> ABOUT THIS EXERCISE:
Both the line with "text \<open>A word" and the line with "j by (auto simp: central_sets_def adj_kernel_def)" in the records below must appear in the output, along with every line between them, exactly and with nothing added.

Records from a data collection
· · · · · · ·
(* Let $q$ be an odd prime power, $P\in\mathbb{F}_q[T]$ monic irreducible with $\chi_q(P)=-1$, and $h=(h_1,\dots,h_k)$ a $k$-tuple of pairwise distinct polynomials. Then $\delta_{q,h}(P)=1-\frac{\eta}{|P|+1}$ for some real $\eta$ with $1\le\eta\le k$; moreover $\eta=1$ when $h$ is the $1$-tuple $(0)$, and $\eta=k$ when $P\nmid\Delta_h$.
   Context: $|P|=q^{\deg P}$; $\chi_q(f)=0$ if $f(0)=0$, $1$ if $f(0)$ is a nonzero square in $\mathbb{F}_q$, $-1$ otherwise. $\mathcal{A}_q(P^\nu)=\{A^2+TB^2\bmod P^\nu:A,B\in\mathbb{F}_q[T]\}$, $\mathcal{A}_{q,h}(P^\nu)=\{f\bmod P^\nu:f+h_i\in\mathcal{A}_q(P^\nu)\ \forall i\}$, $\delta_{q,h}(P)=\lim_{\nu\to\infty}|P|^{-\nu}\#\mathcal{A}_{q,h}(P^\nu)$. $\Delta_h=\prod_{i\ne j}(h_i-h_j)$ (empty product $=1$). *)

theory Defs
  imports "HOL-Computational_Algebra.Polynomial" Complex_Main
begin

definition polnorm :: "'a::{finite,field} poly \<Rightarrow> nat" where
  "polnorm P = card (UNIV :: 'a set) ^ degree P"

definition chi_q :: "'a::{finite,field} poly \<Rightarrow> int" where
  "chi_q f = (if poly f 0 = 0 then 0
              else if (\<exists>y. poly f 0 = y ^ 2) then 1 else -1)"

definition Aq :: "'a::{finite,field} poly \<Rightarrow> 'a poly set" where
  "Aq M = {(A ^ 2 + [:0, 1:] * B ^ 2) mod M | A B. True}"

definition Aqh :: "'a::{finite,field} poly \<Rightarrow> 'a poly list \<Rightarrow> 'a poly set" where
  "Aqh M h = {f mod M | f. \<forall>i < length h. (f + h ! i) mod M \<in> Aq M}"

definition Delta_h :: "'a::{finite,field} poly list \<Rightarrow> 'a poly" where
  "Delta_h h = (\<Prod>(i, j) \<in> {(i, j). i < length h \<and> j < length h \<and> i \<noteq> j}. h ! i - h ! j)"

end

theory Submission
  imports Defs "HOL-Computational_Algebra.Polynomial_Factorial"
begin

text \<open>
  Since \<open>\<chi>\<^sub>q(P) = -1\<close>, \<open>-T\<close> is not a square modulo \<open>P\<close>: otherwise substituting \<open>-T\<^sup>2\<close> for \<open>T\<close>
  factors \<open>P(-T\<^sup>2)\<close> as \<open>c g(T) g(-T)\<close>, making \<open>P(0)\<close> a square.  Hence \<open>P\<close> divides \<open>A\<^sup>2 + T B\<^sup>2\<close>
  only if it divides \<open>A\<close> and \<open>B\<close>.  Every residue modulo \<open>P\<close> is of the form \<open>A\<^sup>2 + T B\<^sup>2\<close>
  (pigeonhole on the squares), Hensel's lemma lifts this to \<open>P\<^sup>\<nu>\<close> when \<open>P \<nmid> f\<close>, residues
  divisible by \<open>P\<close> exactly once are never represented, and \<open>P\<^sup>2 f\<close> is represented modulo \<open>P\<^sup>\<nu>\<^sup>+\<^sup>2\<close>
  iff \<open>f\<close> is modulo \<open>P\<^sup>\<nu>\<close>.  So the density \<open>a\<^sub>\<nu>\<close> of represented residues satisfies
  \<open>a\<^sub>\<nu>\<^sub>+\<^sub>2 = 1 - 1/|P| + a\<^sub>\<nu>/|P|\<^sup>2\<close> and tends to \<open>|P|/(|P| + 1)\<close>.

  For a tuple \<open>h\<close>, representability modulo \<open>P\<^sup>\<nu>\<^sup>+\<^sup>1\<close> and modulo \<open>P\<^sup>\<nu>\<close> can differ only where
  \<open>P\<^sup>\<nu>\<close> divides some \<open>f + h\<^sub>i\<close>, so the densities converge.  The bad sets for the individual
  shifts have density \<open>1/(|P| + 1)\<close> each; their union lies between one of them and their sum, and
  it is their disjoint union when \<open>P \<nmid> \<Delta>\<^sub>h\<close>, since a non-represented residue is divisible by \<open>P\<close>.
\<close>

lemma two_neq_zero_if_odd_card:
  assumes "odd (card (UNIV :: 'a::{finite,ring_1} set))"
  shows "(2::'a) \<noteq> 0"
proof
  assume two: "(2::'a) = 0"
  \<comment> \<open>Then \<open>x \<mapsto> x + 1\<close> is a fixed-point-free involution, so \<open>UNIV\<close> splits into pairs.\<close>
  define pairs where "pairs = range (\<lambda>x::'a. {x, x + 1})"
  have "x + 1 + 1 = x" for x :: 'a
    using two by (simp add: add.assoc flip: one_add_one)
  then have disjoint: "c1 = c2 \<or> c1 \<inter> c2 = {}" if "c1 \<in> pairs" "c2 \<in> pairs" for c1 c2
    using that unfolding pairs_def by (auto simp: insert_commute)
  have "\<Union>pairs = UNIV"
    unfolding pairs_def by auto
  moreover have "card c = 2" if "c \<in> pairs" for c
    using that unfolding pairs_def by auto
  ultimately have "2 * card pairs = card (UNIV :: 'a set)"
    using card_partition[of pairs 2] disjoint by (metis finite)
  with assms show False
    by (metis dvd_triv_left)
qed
· · · · · · ·
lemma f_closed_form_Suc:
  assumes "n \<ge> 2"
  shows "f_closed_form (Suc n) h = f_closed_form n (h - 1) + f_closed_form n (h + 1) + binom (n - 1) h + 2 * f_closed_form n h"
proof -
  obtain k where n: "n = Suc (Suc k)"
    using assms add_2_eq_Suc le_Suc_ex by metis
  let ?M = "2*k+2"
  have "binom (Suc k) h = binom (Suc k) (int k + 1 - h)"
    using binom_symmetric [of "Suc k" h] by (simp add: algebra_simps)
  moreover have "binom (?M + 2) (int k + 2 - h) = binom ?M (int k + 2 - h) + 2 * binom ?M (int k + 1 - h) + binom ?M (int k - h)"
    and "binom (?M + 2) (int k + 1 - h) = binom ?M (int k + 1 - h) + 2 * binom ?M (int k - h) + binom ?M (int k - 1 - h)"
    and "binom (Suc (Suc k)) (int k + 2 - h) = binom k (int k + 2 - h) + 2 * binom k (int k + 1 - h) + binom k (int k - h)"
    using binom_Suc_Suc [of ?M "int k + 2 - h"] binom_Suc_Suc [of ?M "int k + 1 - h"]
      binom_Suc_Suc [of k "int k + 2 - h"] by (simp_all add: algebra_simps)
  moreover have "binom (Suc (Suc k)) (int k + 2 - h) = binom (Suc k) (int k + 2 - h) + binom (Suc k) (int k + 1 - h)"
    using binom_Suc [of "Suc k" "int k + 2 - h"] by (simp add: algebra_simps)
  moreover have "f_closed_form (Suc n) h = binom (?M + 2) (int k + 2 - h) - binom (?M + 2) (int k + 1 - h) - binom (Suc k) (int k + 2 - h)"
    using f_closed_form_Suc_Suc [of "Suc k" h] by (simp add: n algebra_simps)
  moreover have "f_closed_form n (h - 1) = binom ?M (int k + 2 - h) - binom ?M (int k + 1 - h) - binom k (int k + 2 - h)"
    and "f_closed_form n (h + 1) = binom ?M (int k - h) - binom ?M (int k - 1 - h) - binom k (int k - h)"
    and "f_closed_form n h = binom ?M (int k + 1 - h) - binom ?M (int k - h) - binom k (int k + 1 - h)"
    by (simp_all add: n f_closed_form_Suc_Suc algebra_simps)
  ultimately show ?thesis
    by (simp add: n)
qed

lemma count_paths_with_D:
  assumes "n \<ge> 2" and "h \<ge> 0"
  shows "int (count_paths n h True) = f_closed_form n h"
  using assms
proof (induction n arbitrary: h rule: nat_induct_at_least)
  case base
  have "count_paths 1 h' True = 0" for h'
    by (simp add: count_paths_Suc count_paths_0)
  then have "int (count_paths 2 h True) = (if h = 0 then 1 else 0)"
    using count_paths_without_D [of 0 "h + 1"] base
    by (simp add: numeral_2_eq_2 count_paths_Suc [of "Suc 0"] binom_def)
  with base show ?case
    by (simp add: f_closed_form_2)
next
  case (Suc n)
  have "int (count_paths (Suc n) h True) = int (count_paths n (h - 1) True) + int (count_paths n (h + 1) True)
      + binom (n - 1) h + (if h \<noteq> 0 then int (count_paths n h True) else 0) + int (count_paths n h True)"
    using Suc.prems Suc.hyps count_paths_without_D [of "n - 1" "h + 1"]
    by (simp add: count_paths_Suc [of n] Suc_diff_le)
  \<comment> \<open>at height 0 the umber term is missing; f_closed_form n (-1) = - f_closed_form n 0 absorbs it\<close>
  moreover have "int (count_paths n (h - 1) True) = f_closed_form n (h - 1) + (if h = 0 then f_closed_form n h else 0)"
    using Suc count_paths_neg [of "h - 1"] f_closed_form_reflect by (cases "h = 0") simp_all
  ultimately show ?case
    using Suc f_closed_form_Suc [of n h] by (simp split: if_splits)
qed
· · · · · · ·
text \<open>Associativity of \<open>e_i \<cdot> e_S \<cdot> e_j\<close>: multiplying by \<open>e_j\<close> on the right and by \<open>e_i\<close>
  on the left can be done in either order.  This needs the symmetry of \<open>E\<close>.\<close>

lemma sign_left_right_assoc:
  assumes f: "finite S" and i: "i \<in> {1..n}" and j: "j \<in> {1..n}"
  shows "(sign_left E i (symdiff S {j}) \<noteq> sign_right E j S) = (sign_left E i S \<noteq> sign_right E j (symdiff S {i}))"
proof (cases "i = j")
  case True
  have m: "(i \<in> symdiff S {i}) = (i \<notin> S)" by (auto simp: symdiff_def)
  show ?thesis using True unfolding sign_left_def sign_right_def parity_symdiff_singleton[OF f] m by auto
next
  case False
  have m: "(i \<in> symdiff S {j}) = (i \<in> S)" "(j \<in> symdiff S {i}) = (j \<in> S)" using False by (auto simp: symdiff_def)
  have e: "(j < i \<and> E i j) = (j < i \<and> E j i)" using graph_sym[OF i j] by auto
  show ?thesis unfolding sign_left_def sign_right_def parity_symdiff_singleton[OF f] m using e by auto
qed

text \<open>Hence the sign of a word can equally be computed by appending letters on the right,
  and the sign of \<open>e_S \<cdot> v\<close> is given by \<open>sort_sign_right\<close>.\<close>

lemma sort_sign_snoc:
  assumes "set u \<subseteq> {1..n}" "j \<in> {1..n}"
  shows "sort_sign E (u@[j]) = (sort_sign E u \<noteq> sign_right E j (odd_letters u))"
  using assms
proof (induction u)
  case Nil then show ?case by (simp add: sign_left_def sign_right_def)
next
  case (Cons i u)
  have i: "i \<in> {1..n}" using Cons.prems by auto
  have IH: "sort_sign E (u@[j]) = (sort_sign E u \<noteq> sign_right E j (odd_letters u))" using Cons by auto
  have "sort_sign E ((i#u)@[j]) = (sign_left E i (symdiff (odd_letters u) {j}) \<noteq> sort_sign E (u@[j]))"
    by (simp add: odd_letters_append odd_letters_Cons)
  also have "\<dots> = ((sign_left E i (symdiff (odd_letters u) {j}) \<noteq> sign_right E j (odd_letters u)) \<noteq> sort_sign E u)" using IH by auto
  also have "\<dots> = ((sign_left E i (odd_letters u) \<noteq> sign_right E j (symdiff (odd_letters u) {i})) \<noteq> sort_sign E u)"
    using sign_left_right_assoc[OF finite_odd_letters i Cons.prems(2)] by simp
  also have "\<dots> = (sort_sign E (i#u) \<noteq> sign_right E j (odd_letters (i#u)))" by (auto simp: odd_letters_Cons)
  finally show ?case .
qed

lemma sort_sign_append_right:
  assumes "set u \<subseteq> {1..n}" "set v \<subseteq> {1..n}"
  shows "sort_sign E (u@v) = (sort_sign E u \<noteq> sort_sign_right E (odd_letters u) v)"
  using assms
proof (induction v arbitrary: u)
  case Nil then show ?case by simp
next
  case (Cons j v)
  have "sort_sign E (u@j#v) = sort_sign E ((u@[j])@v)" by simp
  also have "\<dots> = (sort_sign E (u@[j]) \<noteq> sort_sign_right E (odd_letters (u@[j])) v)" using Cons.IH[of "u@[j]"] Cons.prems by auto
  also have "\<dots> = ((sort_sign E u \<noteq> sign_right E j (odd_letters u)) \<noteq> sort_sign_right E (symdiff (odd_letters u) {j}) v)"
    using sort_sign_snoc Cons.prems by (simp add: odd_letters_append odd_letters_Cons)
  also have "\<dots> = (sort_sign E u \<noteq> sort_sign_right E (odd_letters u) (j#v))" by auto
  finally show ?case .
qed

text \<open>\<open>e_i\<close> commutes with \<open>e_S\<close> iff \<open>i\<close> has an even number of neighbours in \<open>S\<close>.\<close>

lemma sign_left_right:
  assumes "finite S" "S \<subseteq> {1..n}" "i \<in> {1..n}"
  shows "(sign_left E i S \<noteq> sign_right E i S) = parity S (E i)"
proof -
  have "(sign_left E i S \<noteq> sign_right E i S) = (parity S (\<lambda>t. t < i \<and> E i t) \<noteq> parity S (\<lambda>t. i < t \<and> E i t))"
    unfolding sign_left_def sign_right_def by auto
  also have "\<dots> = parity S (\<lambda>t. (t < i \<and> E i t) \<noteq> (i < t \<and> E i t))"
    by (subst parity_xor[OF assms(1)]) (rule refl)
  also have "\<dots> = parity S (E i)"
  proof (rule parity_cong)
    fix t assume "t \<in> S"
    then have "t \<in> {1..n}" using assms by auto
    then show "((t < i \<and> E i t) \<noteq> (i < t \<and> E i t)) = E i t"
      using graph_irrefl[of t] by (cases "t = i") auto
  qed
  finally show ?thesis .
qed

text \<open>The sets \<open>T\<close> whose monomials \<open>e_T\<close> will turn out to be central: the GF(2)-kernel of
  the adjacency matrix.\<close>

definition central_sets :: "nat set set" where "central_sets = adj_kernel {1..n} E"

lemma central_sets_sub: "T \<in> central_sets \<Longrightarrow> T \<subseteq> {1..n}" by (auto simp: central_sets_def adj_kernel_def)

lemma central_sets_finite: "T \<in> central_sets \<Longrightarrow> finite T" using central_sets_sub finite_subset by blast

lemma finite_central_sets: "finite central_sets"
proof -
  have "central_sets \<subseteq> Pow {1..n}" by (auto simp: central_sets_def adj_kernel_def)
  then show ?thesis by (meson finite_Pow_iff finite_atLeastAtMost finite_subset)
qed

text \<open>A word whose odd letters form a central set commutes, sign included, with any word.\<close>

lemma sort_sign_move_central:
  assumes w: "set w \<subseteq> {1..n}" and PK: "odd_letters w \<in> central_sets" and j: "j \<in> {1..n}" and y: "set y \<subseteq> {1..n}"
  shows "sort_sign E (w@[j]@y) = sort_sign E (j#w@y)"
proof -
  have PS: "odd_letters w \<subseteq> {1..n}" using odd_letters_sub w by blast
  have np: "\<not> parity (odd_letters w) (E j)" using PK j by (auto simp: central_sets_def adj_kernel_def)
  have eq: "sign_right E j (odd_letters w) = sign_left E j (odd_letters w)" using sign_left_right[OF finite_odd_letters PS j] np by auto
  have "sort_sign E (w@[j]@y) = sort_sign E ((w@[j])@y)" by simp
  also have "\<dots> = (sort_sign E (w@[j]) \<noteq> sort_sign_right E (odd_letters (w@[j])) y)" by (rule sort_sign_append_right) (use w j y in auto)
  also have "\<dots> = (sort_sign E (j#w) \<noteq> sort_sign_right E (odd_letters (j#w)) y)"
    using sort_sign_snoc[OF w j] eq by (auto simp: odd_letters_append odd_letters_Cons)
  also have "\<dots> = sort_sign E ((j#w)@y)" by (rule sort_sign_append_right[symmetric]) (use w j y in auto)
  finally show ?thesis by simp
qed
· · · · · · ·
> REPLY:
text \<open>A word whose odd letters form a central set commutes, sign included, with any word.\<close>

lemma sort_sign_move_central:
  assumes w: "set w \<subseteq> {1..n}" and PK: "odd_letters w \<in> central_sets" and j: "j \<in> {1..n}" and y: "set y \<subseteq> {1..n}"
  shows "sort_sign E (w@[j]@y) = sort_sign E (j#w@y)"
proof -
  have PS: "odd_letters w \<subseteq> {1..n}" using odd_letters_sub w by blast
  have np: "\<not> parity (odd_letters w) (E j)" using PK j by (auto simp: central_sets_def adj_kernel_def)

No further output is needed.